Only one stretch of the data is wanted: the line containing "map (\<lambda>x. card", the line containing "(\<exists>s. subseq s", and every line between them, copied exactly.

*** Opening of RECORDS FOR THE TASK ***

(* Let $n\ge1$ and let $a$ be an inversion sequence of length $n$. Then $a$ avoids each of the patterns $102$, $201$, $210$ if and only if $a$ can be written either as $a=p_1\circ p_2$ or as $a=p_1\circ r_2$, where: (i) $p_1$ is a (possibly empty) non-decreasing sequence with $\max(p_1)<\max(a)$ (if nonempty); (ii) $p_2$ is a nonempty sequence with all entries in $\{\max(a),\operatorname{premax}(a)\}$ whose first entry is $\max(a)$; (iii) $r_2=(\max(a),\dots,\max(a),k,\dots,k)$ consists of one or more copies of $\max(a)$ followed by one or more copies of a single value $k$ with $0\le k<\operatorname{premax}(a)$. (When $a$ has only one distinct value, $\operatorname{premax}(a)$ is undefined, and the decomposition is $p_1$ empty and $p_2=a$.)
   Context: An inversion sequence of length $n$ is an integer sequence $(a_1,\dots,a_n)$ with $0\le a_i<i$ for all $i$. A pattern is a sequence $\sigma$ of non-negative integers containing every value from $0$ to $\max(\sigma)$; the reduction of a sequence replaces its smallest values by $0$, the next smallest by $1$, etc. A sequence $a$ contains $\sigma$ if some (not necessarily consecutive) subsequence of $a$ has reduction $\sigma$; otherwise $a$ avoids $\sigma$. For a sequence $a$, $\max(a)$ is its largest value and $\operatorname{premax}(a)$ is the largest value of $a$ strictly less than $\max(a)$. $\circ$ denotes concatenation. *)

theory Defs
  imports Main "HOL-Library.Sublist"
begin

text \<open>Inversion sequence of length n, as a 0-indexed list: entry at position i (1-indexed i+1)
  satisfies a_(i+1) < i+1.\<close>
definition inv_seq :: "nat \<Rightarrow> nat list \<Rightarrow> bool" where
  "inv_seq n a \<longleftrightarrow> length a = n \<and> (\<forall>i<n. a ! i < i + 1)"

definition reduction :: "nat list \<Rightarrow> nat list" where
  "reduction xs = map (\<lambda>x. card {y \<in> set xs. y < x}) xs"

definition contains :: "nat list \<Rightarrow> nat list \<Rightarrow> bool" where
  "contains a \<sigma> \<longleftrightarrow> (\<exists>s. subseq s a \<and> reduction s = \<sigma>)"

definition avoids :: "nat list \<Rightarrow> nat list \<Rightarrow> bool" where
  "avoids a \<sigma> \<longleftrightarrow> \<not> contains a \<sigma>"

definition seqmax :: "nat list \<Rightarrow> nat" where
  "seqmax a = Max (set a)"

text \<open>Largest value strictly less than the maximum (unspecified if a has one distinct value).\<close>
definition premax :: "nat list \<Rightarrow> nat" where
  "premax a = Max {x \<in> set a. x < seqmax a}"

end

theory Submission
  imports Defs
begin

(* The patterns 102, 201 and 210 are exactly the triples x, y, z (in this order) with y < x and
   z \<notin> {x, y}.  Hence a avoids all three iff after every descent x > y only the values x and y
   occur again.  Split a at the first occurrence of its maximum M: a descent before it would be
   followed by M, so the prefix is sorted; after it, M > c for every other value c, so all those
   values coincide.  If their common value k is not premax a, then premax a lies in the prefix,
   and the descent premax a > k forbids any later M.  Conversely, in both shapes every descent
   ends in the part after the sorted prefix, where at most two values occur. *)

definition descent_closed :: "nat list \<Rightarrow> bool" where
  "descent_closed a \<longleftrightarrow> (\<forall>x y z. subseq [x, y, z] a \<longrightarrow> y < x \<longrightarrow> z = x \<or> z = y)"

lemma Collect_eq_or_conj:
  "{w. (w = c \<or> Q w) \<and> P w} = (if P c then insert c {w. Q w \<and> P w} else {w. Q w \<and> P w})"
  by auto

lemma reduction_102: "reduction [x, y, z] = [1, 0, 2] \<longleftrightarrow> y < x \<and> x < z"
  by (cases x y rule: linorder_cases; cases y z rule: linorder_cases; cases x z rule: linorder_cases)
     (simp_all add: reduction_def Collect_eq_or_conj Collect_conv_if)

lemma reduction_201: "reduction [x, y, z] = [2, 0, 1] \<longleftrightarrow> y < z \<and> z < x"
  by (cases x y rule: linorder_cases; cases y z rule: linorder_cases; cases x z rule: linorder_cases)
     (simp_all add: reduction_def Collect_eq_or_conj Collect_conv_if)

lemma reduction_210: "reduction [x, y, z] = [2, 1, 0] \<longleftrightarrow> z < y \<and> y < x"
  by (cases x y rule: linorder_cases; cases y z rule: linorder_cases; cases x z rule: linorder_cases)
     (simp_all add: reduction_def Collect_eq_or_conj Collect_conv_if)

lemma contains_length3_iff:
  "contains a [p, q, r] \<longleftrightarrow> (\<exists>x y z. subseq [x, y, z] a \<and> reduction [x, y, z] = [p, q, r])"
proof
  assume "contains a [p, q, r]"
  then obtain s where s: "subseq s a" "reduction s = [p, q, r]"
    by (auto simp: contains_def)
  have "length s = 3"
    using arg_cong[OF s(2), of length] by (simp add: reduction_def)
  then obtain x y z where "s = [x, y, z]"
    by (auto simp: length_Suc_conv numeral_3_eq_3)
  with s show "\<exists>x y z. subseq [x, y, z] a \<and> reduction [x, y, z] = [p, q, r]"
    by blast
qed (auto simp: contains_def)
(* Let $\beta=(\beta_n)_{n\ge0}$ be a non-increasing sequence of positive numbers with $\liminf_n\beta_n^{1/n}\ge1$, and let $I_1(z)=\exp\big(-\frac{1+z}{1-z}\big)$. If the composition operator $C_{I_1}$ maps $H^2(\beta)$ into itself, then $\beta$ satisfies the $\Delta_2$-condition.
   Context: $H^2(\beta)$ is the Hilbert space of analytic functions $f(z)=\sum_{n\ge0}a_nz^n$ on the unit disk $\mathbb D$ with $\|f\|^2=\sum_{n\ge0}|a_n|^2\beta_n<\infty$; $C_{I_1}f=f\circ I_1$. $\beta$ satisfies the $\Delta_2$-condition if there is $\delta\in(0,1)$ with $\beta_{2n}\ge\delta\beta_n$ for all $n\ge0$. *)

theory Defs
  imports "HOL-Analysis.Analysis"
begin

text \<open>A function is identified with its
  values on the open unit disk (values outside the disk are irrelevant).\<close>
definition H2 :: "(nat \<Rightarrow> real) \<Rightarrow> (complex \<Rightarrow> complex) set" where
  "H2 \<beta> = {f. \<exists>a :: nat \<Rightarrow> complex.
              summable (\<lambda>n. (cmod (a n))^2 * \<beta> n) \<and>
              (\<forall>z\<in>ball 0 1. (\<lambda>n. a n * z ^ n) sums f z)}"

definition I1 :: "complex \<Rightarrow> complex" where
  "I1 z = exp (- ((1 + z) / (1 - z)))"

*** Close of RECORDS FOR THE TASK ***

EXPECTED ANSWER —
  "reduction xs = map (\<lambda>x. card {y \<in> set xs. y < x}) xs"

definition contains :: "nat list \<Rightarrow> nat list \<Rightarrow> bool" where
  "contains a \<sigma> \<longleftrightarrow> (\<exists>s. subseq s a \<and> reduction s = \<sigma>)"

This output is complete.